The background is a blurred blend

of brown, gray, cream. The pallet knife scrapes

the canvas in all directions, and where the colors

meet, a new hue is born. I step back, measure

the reach of my heartbeat in my temple,

how it calms when my hands are streaked

with paint, how the light blooming through

the window loosens my throat. Don’t

go through all his things at once, my sister

advised and I repeat those words to ochre

and umber. Surrendering to grief is best done

in stages. I add another layer—emerald green,

golden yellow. I want to catch the sun on my knife,

slit its rays to prove the life in still life. In his closet,

shirts span the length of shadows. Trousers hang

neatly folded and shoes line the floor—reminders

of a world that no longer exists. But purple coneflower

catches the day and pulls the orange hearts of poppies

and coreopsis. They bend into the spray of scarlet

gladiola, the tight bud of delphinium. Phlox blinks

back the grave and I am in the garden surrounded

by grace, a greening fuse that sparks the seeds

and lets them grow again—like love tends to do

when you let it rise from the dark places, ever

blooming, ever warm, always turning toward the light.

DAFFODILS

 

in the slender vase

the daffodils frown

stems curved

with the weight of dying

yellow blooms

 

I sketch them

on the back

of an envelope

that used to hold

the electric bill

 

I sit at the table

and sip lukewarm coffee

 

mostly

I wait

for the fist of grief

to unclench

 

I’ve learned

there’s no rushing

the journey

when there’s so much

traveling inside you

 

I hold the edge

of a deep field

where the daffodils

offer gold

to a world

uncomfortable with death

 

and find a strange comfort

in the way they

lay down

a troubled beauty

 

wither

without a word of excuse

or complaint

or apology

COMBUSTIBLE

 

My therapist says attraction

feels the same at sixty as it does

at sixteen, the quickening

behind ribs, beneath belly.

She says when I met you we

were tendered for flame, both of us

like powdered glass and chemical

burn. I tell her I never wanted you

and she asks for the definition

of want, says love and hate

can be a breath apart, sometimes

interchangeable. The body

is wired for oxidation. The body

is a deeper beast, fading

into dry grass which burns fast.

See the prairies and the meadows

in rain-starved August, the pine

needles and stripped bark,

the beetles pulling sap. I drag

a broken tree limb to the burn

pile, watch magnolia leaves curl,

sizzle in heat. My therapist asks

if we were more fantasy than real,

if the idea of us was what I wanted.

I ask for the definition of real.

I follow the shape of a leaf

floating into the blue-wisp sky,

the edges orange, defined,

then destroyed with heat.

I tell her I loved you.
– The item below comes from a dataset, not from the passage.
(* Let $n\ge 2$, $A\in\mathrm{Mat}_{n\times n}(\mathbb{R})$, $q\in\mathbb{R}^n$ a formal equilibrium of the replicator field $X_A$, $B=-EAE^t$, $\eta_q(u)_i=q_i-\frac{e^{u_i}}{1+\sum_{j}e^{u_j}}$, and $\tilde Y_B(u)=(1+\sum_{i=1}^{n-1}e^{u_i})B\eta_q(u)$ on $\mathbb{R}^{n-1}$. Suppose $D=(d_{ij})\in\mathrm{Mat}_{(n-1)\times(n-1)}(\mathbb{R})$ is such that $DB$ is anti-symmetric and $D^tQ_1$ is diagonal, where $(Q_1)_{ij}=q_i-\delta_{ij}$, and let $H_D(u)=\sum_{i}\big(\sum_k d_{ki}q_k\big)u_i+\sum_i\big(\big(\sum_k d_{ki}q_k\big)-d_{ii}\big)e^{u_i}$. (1) If $B$ is invertible, then $\tilde Y_B$ is Hamiltonian with Hamiltonian $H_D$ with respect to the constant (pre)symplectic structure $\omega^\sharp=D^tB^{-1}$ (i.e. $\omega^\sharp\tilde Y_B=dH_D$); equivalently, the vector field $\frac{1}{x_n}X_A$ restricted to the interior of $\Delta^{n-1}$ is Hamiltonian with Hamiltonian $H_D\circ\phi^{-1}$ with respect to the presymplectic structure $\omega^\sharp=(d\phi^{-1})^tD^tB^{-1}(d\phi^{-1})$. (2) If $D^t$ is invertible, then $\tilde Y_B$ is Hamiltonian with Hamiltonian $H_D$ with respect to the constant Poisson structure $\pi^\sharp=B(D^t)^{-1}$ (i.e. $\tilde Y_B=\pi^\sharp dH_D$); equivalently, $\frac{1}{x_n}X_A$ restricted to the interior of $\Delta^{n-1}$ is Hamiltonian with Hamiltonian $H_D\circ\phi^{-1}$ with respect to the Poisson structure $\pi^\sharp=(d\phi)B(D^t)^{-1}(d\phi)^t$.
   Context: $X_A(x)_i=x_i((Ax)_i-x^tAx)$ on $\Delta^{n-1}=\{x\in\mathbb{R}^n_{\ge0}:\sum x_i=1\}$. A formal equilibrium is $q\in\mathbb{R}^n$ with $\sum q_i=1$ and all $(Aq)_i$ equal. $E=[-I_{n-1}\mid\mathbb{1}]$. $\phi:\mathbb{R}^{n-1}\to(\Delta^{n-1})^\circ$, $\phi(u)=\big(\frac{e^{u_1}}{1+\sum_j e^{u_j}},\dots,\frac{e^{u_{n-1}}}{1+\sum_j e^{u_j}},\frac{1}{1+\sum_j e^{u_j}}\big)$, a diffeomorphism with $\phi^{-1}(x)=(\log(x_i/x_n))_{i\le n-1}$; $d\phi$, $d\phi^{-1}$ denote Jacobians, and the structures on $(\Delta^{n-1})^\circ$ in the "equivalently" parts are the transports of the constant structures on $\mathbb{R}^{n-1}$ via $\phi$. For a 2-form $\omega$, $\omega^\sharp X=\omega(X,\cdot)$ and $X$ is Hamiltonian with Hamiltonian $H$ if $\omega^\sharp X=dH$; for a Poisson bivector $\pi$, $\pi^\sharp\alpha=\pi(\alpha,\cdot)$ and the Hamiltonian field of $H$ is $\pi^\sharp dH$. *)

theory Defs
  imports "HOL-Analysis.Analysis"
begin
I tell her

we burned each other, first

with our tongues, then with our

wild, hard hands.

Sandy Coomer is a poet, artist, Ironman athlete, and social entrepreneur from Nashville, TN. Her poetry has been published in numerous journals and she is the author of three poetry chapbooks and a full-length collection, Available Light (Iris Press). She is a multiple Pushcart Prize and Best of the Net nominee and her poem, "Calligraphy" was a 2019 Best of the Net finalist. Sandy is a past poetry mentor in the AWP Writer to Writer Mentorship Program and the founding editor of the online poetry journal Rockvale Review. She is the founder and director of Rockvale Writers' Colony in College Grove, TN, a not-for-profit organization that exists to support and educate writers of all genres and backgrounds. She is a teacher, a dreamer, and an explorer. Her favorite word is "believe."